If two dice are thrown then, total number of possible outcomes, $S=6 \times 6=36$ which are as follows
$A=$ Getting an even number on the first die
$=\{(2,1),(2,2),(2,3),(2,4),(2,5),(2,6),(4,1)$,
$(4,2),(4,3),(4,4),(4,5),(4,6),(6,1),(6,2)$,
$(6,3),(6,4),(6,5),(6,6\}$
$B=$ Getting an odd number on the first die
$=\{(1,1),(1,2),(1,3),(1,4),(1,5),(1,6),(3,1)$,
$(3,2),(3,3),(3,4),(3,5),(3,6),(5,1),(5,2)$.

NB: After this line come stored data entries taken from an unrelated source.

(* Let $x^0\in\{0,1\}^n$ be the input of the hypermutation operator and let $x^i$ be the $i$-th bitstring it samples. Let $S\subset\{1,\dots,n\}$ be an arbitrary set of indices, and for a bitstring $z$ let $z_S$ denote the subsequence of $z$ consisting of the positions in $S$. For any target string $s^*\in\{0,1\}^{|S|}$ and any integer $m>|S|$, the probability that $x^i_S=s^*$ for all $i\in\{m,\dots,n-m\}$ is at least $\left(\frac{m-|S|+1}{n-|S|+1}\right)^{|S|}$.
   Context: The hypermutation operator on input $x^0\in\{0,1\}^n$ (disregarding its stopping rule) flips the $n$ bit positions one at a time in a uniformly random order, i.e. according to a uniformly random permutation of $\{1,\dots,n\}$; the $i$-th sampled bitstring $x^i$ is the string obtained from $x^0$ after the first $i$ flips, $i=1,\dots,n$. *)

theory Defs
  imports "HOL-Probability.Probability" "HOL-Combinatorics.Multiset_Permutations"
begin

text \<open>Bitstrings of length n are bool lists; positions are 0,...,n-1.
  The flip order of the hypermutation operator is a uniformly random
  permutation of the positions, given as a list sigma of distinct positions
  (an element of permutations_of_set {0..<n}).\<close>

definition hm_sample :: "bool list \<Rightarrow> nat list \<Rightarrow> nat \<Rightarrow> bool list" where
  "hm_sample x0 \<sigma> i =
     map (\<lambda>j. if j \<in> set (take i \<sigma>) then \<not> (x0 ! j) else x0 ! j) [0..<length x0]"

definition hm_flip_order :: "nat \<Rightarrow> nat list pmf" where
  "hm_flip_order n = pmf_of_set (permutations_of_set {0..<n})"

end

theory Submission
  imports Defs
begin

(* Record for each position j the step q j at which it is flipped; q is a uniformly random
   permutation. The samples x^m, ..., x^(n-m) agree with the target on S as soon as every position
   of S that has to change is flipped within the first m steps and every other position of S only
   after step n - m. Each of these |S| constraints leaves at least m admissible steps, so at least
   m (m-1) ... (m-|S|+1) (n-|S|)! of the n! permutations satisfy all of them, and the quotient is
   a product of the factors (m-t)/(n-t) >= (m-|S|+1)/(n-|S|+1). *)

lemma card_transpose_vimage_Int:
  assumes "a \<in> U" "b \<in> U"
  shows "card (Transposition.transpose a b -` A \<inter> U) = card (A \<inter> U)"
proof -
  have "Transposition.transpose a b -` A \<inter> U = Transposition.transpose a b ` (A \<inter> U)"
    using permutes_in_image[OF permutes_swap_id[OF assms]] by (auto simp: in_transpose_image_iff)
  then show ?thesis by (simp add: card_image)
qed

lemma card_permutes_Diff_singleton_le:
  assumes "finite U" "j \<in> U" "p \<in> U"
  shows "card {q. q permutes (U - {j}) \<and> (\<forall>i\<in>S. q i \<in> Transposition.transpose j p -` A i)}
         \<le> card {q. q permutes U \<and> q j = p \<and> (\<forall>i\<in>S. q i \<in> A i)}"
proof (rule card_inj_on_le)
  let ?\<tau> = "Transposition.transpose j p"
  show "inj_on ((\<circ>) ?\<tau>) {q. q permutes (U - {j}) \<and> (\<forall>i\<in>S. q i \<in> ?\<tau> -` A i)}"
  proof (rule inj_onI)
    fix q r assume "?\<tau> \<circ> q = ?\<tau> \<circ> r"
    then have "?\<tau> \<circ> (?\<tau> \<circ> q) = ?\<tau> \<circ> (?\<tau> \<circ> r)" by simp
    then show "q = r" by (simp flip: comp_assoc)
  qed
  show "(\<circ>) ?\<tau> ` {q. q permutes (U - {j}) \<and> (\<forall>i\<in>S. q i \<in> ?\<tau> -` A i)}
        \<subseteq> {q. q permutes U \<and> q j = p \<and> (\<forall>i\<in>S. q i \<in> A i)}"
  proof clarify
    fix q assume q: "q permutes (U - {j})" "\<forall>i\<in>S. q i \<in> ?\<tau> -` A i"
    have "q permutes U" using permutes_subset[OF q(1) Diff_subset] .
    then have "?\<tau> \<circ> q permutes U" by (rule permutes_compose[OF _ permutes_swap_id[OF assms(2,3)]])
    moreover have "q j = j" using permutes_not_in[OF q(1)] by simp
    ultimately show "?\<tau> \<circ> q permutes U \<and> (?\<tau> \<circ> q) j = p \<and> (\<forall>i\<in>S. (?\<tau> \<circ> q) i \<in> A i)"
      using q(2) by simp
  qed
  show "finite {q. q permutes U \<and> q j = p \<and> (\<forall>i\<in>S. q i \<in> A i)}"
    using finite_permutations[OF assms(1)] by (rule rev_finite_subset) auto
qed

lemma sum_card_fibers_le_card:
  assumes "finite A"
  shows "(\<Sum>b\<in>B. card {a\<in>A. f a = b}) \<le> card A"
proof (cases "finite B")
  case True
  then have "(\<Sum>b\<in>B. card {a\<in>A. f a = b}) = card (\<Union>b\<in>B. {a\<in>A. f a = b})"
    using assms by (intro card_UN_disjoint[symmetric]) auto
  also have "\<dots> \<le> card A"
    using assms by (intro card_mono) auto
  finally show ?thesis .
qed simp

lemma prod_diff_lessThan_Suc:
  "(\<Prod>t<Suc k. (m - t :: nat)) = m * (\<Prod>t<k. (m - 1 - t))"
  by (subst prod.lessThan_Suc_shift) (simp only: diff_Suc_eq_diff_pred diff_zero)

lemma card_permutes_constrained_ge:
  assumes "finite U" "S \<subseteq> U" "\<forall>i\<in>S. m \<le> card (A i \<inter> U)"
  shows "(\<Prod>t<card S. (m - t)) * fact (card U - card S)
         \<le> card {q. q permutes U \<and> (\<forall>i\<in>S. q i \<in> A i)}"
proof -
  have "finite S" using assms(1,2) by (rule finite_subset[rotated])
  then show ?thesis using assms
  proof (induction S arbitrary: U A m rule: finite_induct)
    case empty
    then show ?case by (simp add: card_permutations)
  next
    case (insert j S)
    define T where "T = {q. q permutes U \<and> (\<forall>i\<in>insert j S. q i \<in> A i)}"
    define K where "K = (\<Prod>t<card S. (m - 1 - t)) * fact (card (U - {j}) - card S)"
    have j: "j \<in> U" and S: "S \<subseteq> U - {j}" using insert.prems(2) insert.hyps(2) by auto
    (* Sort the permutations in T by the image p of j; composing with the transposition of j and p
       embeds the permutations of U - {j} that obey the transported constraints into each fiber. *)
    have K_le_fiber: "K \<le> card {q\<in>T. q j = p}" if p: "p \<in> A j \<inter> U" for p
    proof -
      let ?\<tau> = "Transposition.transpose j p"
      have "m - 1 \<le> card (?\<tau> -` A i \<inter> (U - {j}))" if "i \<in> S" for i
      proof -
        have "m \<le> card (?\<tau> -` A i \<inter> U)"
          using insert.prems(3) that card_transpose_vimage_Int[OF j, of p "A i"] p by simp
        moreover have "?\<tau> -` A i \<inter> (U - {j}) = (?\<tau> -` A i \<inter> U) - {j}" by blast
        ultimately show ?thesis
          using diff_card_le_card_Diff[of "{j}" "?\<tau> -` A i \<inter> U"] by simp
      qed
      then have "K \<le> card {q. q permutes (U - {j}) \<and> (\<forall>i\<in>S. q i \<in> ?\<tau> -` A i)}"
        unfolding K_def using insert.prems(1) S by (intro insert.IH) auto
      also have "\<dots> \<le> card {q. q permutes U \<and> q j = p \<and> (\<forall>i\<in>S. q i \<in> A i)}"
        using insert.prems(1) j p by (intro card_permutes_Diff_singleton_le) auto
      also have "{q. q permutes U \<and> q j = p \<and> (\<forall>i\<in>S. q i \<in> A i)} = {q\<in>T. q j = p}"
        using p by (auto simp: T_def)
      finally show ?thesis .
    qed
    have "m * K \<le> card (A j \<inter> U) * K"
      using insert.prems(3) by simp
    also have "\<dots> = (\<Sum>p\<in>A j \<inter> U. K)"
      by simp
    also have "\<dots> \<le> (\<Sum>p\<in>A j \<inter> U. card {q\<in>T. q j = p})"
      using K_le_fiber by (rule sum_mono)
    also have "\<dots> \<le> card T"
      using finite_permutations[OF insert.prems(1)]
      by (intro sum_card_fibers_le_card) (auto simp: T_def elim: rev_finite_subset)
    finally have "m * K \<le> card T" .
    moreover have "(\<Prod>t<card (insert j S). (m - t)) * fact (card U - card (insert j S)) = m * K"
    proof -
      have "card (insert j S) = Suc (card S)" "card (U - {j}) = card U - 1"
        using insert.hyps j by simp_all
      then show ?thesis
        by (simp only: K_def prod_diff_lessThan_Suc diff_Suc_eq_diff_pred mult.assoc)
    qed
    ultimately show ?case
      by (simp only: T_def)
  qed
qed

lemma fact_eq_fact_diff_mult_prod:
  "k \<le> n \<Longrightarrow> (fact n :: nat) = fact (n - k) * (\<Prod>t<k. (n - t))"
proof (induction k)
  case (Suc k)
  then have "(fact (n - k) :: nat) = (n - k) * fact (n - Suc k)"
    by (simp add: fact_reduce Suc_diff_Suc)
  with Suc show ?case by simp
qed simp

lemma frac_le_frac_diff:
  assumes "t < k" "k < m" "m \<le> n"
  shows "(real m - real k + 1) / (real n - real k + 1) \<le> real (m - t) / real (n - t)"
proof -
  have "(real m - real k + 1) * (real n - real t) \<le> (real m - real t) * (real n - real k + 1)"
    using mult_nonneg_nonneg[of "real k - 1 - real t" "real n - real m"] assms
    by (simp add: algebra_simps)
  then show ?thesis using assms by (simp add: divide_simps)
qed

lemma power_frac_le_falling_ratio:
  assumes "k < m" "m \<le> n"
  shows "((real m - real k + 1) / (real n - real k + 1)) ^ k
         \<le> real ((\<Prod>t<k. (m - t)) * fact (n - k)) / fact n"
proof -
  have "((real m - real k + 1) / (real n - real k + 1)) ^ k
        = (\<Prod>t<k. (real m - real k + 1) / (real n - real k + 1))"
    by simp
  also have "\<dots> \<le> (\<Prod>t<k. real (m - t) / real (n - t))"
    using frac_le_frac_diff assms by (intro prod_mono) auto
  also have "\<dots> = (\<Prod>t<k. real (m - t)) / (\<Prod>t<k. real (n - t))"
    by (rule prod_dividef)
  also have "\<dots> = real ((\<Prod>t<k. (m - t)) * fact (n - k)) / fact n"
    using fact_eq_fact_diff_mult_prod[of k n] assms
    by (simp add: of_nat_eq_iff[symmetric, where 'a=real] del: of_nat_eq_iff)
  finally show ?thesis .
qed

lemma nths_conv_map_nth: "nths xs I = map ((!) xs) (nths [0..<length xs] I)"
  by (metis map_nth nths_map)

lemma distinct_imp_ex_map_eq:
  assumes "distinct xs" "length ys = length xs"
  shows "\<exists>f. map f xs = ys"
proof
  show "map (the \<circ> map_of (zip xs ys)) xs = ys"
    using assms by (intro nth_equalityI) (simp_all add: map_of_zip_nth)
qed

(* A flip order given by its ranks: q j is the step, counting from 0, at which position j is flipped. *)
definition flip_order_of_ranks :: "(nat \<Rightarrow> nat) \<Rightarrow> nat \<Rightarrow> nat list" where
  "flip_order_of_ranks q n = map (inv q) [0..<n]"

lemma flip_order_of_ranks_in_permutations_of_set:
  assumes "q permutes {0..<n}"
  shows "flip_order_of_ranks q n \<in> permutations_of_set {0..<n}"
proof -
  have "[0..<n] \<in> permutations_of_set {0..<n}" by (rule permutations_of_setI) auto
  then have "map (inv q) [0..<n] \<in> map (inv q) ` permutations_of_set {0..<n}" by (rule imageI)
  then show ?thesis
    by (simp add: flip_order_of_ranks_def permutations_of_set_image_permutes[OF permutes_inv[OF assms]])
qed

lemma inj_on_flip_order_of_ranks:
  "inj_on (\<lambda>q. flip_order_of_ranks q n) {q. q permutes {0..<n}}"
proof (rule inj_onI, clarify)
  fix q r assume q: "q permutes {0..<n}" and r: "r permutes {0..<n}"
    and eq: "flip_order_of_ranks q n = flip_order_of_ranks r n"
  have "inv q x = inv r x" for x
  proof (cases "x < n")
    case True
    then show ?thesis using eq by (simp add: flip_order_of_ranks_def map_eq_conv)
  next
    case False
    then show ?thesis using permutes_not_in[OF permutes_inv[OF q]] permutes_not_in[OF permutes_inv[OF r]]
      by simp
  qed
  then show "q = r" by (metis ext permutes_inv_inv q r)
qed

lemma mem_take_flip_order_of_ranks_iff:
  assumes "q permutes {0..<n}" "j < n"
  shows "j \<in> set (take i (flip_order_of_ranks q n)) \<longleftrightarrow> q j < i"
proof -
  have "set (take i (flip_order_of_ranks q n)) = inv q ` {0..<min i n}"
    by (simp add: flip_order_of_ranks_def take_map min_def)
  also have "j \<in> inv q ` {0..<min i n} \<longleftrightarrow> q j < min i n"
    using permutes_inverses[OF assms(1)] by (metis atLeastLessThan_iff image_iff zero_le)
  finally show ?thesis using permutes_in_image[OF assms(1)] assms(2) by auto
qed

lemma nth_hm_sample_flip_order_of_ranks:
  assumes "q permutes {0..<length x0}" "j < length x0"
  shows "hm_sample x0 (flip_order_of_ranks q (length x0)) i ! j = (if q j < i then \<not> x0 ! j else x0 ! j)"
  using assms by (simp add: hm_sample_def mem_take_flip_order_of_ranks_iff)

lemma set_nths_upt:
  assumes "S \<subseteq> {0..<n}"
  shows "set (nths [0..<n] S) = S"
proof
  show "S \<subseteq> set (nths [0..<n] S)"
  proof
    fix j assume "j \<in> S"
    moreover have "j < n" "[0..<n] ! j = j" using \<open>j \<in> S\<close> assms by auto
    ultimately show "j \<in> set (nths [0..<n] S)" unfolding set_nths by force
  qed
qed (auto simp: set_nths)

lemma ex_map_eq_nths_upt:
  assumes "S \<subseteq> {0..<n}" "length s = card S"
  shows "\<exists>t. map t (nths [0..<n] S) = s"
proof (rule distinct_imp_ex_map_eq)
  show "length s = length (nths [0..<n] S)"
    using assms distinct_card[of "nths [0..<n] S"] set_nths_upt[OF assms(1)] by simp
qed simp

lemma nths_hm_sample_flip_order_of_ranks:
  assumes "q permutes {0..<length x0}" "S \<subseteq> {0..<length x0}"
    and "map t (nths [0..<length x0] S) = s"
    and "\<forall>j\<in>S. q j \<in> (if t j = x0 ! j then {length x0 - m..<length x0} else {0..<m})"
    and "m \<le> i" "i \<le> length x0 - m"
  shows "nths (hm_sample x0 (flip_order_of_ranks q (length x0)) i) S = s"
proof -
  let ?x = "hm_sample x0 (flip_order_of_ranks q (length x0)) i"
  have x_eq_t: "?x ! j = t j" if j: "j \<in> S" for j
  proof -
    have "?x ! j = (if q j < i then \<not> x0 ! j else x0 ! j)"
      using j assms(2) by (intro nth_hm_sample_flip_order_of_ranks[OF assms(1)]) auto
    then show ?thesis
      using j assms(4-6) by (cases "t j = x0 ! j") auto
  qed
  have "nths ?x S = map ((!) ?x) (nths [0..<length x0] S)"
    using nths_conv_map_nth[of ?x S] by (simp add: hm_sample_def)
  also have "\<dots> = map t (nths [0..<length x0] S)"
    using x_eq_t set_nths_upt[OF assms(2)] by (intro map_cong) auto
  finally show ?thesis using assms(3) by simp
qed

theorem lemma3:
  fixes x0 :: "bool list" and S :: "nat set" and s :: "bool list" and m n :: nat
  assumes "length x0 = n"
    and "S \<subseteq> {0..<n}"
    and "length s = card S"
    and "m > card S"
    and "m \<le> n"
  shows "measure_pmf.prob (hm_flip_order n)
           {\<sigma>. \<forall>i\<in>{m..n-m}. nths (hm_sample x0 \<sigma> i) S = s}
         \<ge> ((real m - real (card S) + 1) / (real n - real (card S) + 1)) ^ card S"
proof -
  define P where "P = permutations_of_set {0..<n}"
  define E where "E = {\<sigma>. \<forall>i\<in>{m..n-m}. nths (hm_sample x0 \<sigma> i) S = s}"
  obtain t where t: "map t (nths [0..<n] S) = s" using ex_map_eq_nths_upt[OF assms(2,3)] ..
  define A where "A j = (if t j = x0 ! j then {n - m..<n} else {0..<m})" for j
  define Q where "Q = {q. q permutes {0..<n} \<and> (\<forall>j\<in>S. q j \<in> A j)}"
  have "(\<lambda>q. flip_order_of_ranks q n) ` Q \<subseteq> P \<inter> E"
    using nths_hm_sample_flip_order_of_ranks[of _ x0 S t s m] flip_order_of_ranks_in_permutations_of_set
      assms(1,2) t by (auto simp: Q_def A_def P_def E_def)
  then have Q_le: "card Q \<le> card (P \<inter> E)"
    using inj_on_flip_order_of_ranks[of n]
    by (intro card_inj_on_le) (auto simp: Q_def P_def intro: inj_on_subset)
  have "m \<le> card (A j \<inter> {0..<n})" for j
    using assms(5) by (simp add: A_def)
  then have "(\<Prod>t<card S. (m - t)) * fact (n - card S) \<le> card Q"
    using card_permutes_constrained_ge[of "{0..<n}" S m A] assms(2) by (simp add: Q_def)
  with Q_le have count: "(\<Prod>t<card S. (m - t)) * fact (n - card S) \<le> card (P \<inter> E)"
    by (rule le_trans[rotated])
  have "((real m - real (card S) + 1) / (real n - real (card S) + 1)) ^ card S
        \<le> real ((\<Prod>t<card S. (m - t)) * fact (n - card S)) / fact n"
    using power_frac_le_falling_ratio assms(4,5) .
  also have "\<dots> \<le> real (card (P \<inter> E)) / fact n"
    using count by (intro divide_right_mono) (simp_all only: of_nat_le_iff fact_ge_zero)
  also have "\<dots> = measure_pmf.prob (hm_flip_order n) E"
    by (simp add: hm_flip_order_def P_def measure_pmf_of_set)
  finally show ?thesis unfolding E_def .
qed

end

$(5,3),(5,4),(5,5),(5,6)\}$
$C=\{(1,1),(1,2),(1,3),(1,4),(2,1),(2,2),(2,3)$,
$(3,1),(3,2),(4,1)\}$
(i) $A^{\prime}=$ Which are not in $A=B$ (if $A$ is an event getting an even number on the first die, so $A^{\prime}$ will be the event getting an odd number on the first die i.e., $B$ )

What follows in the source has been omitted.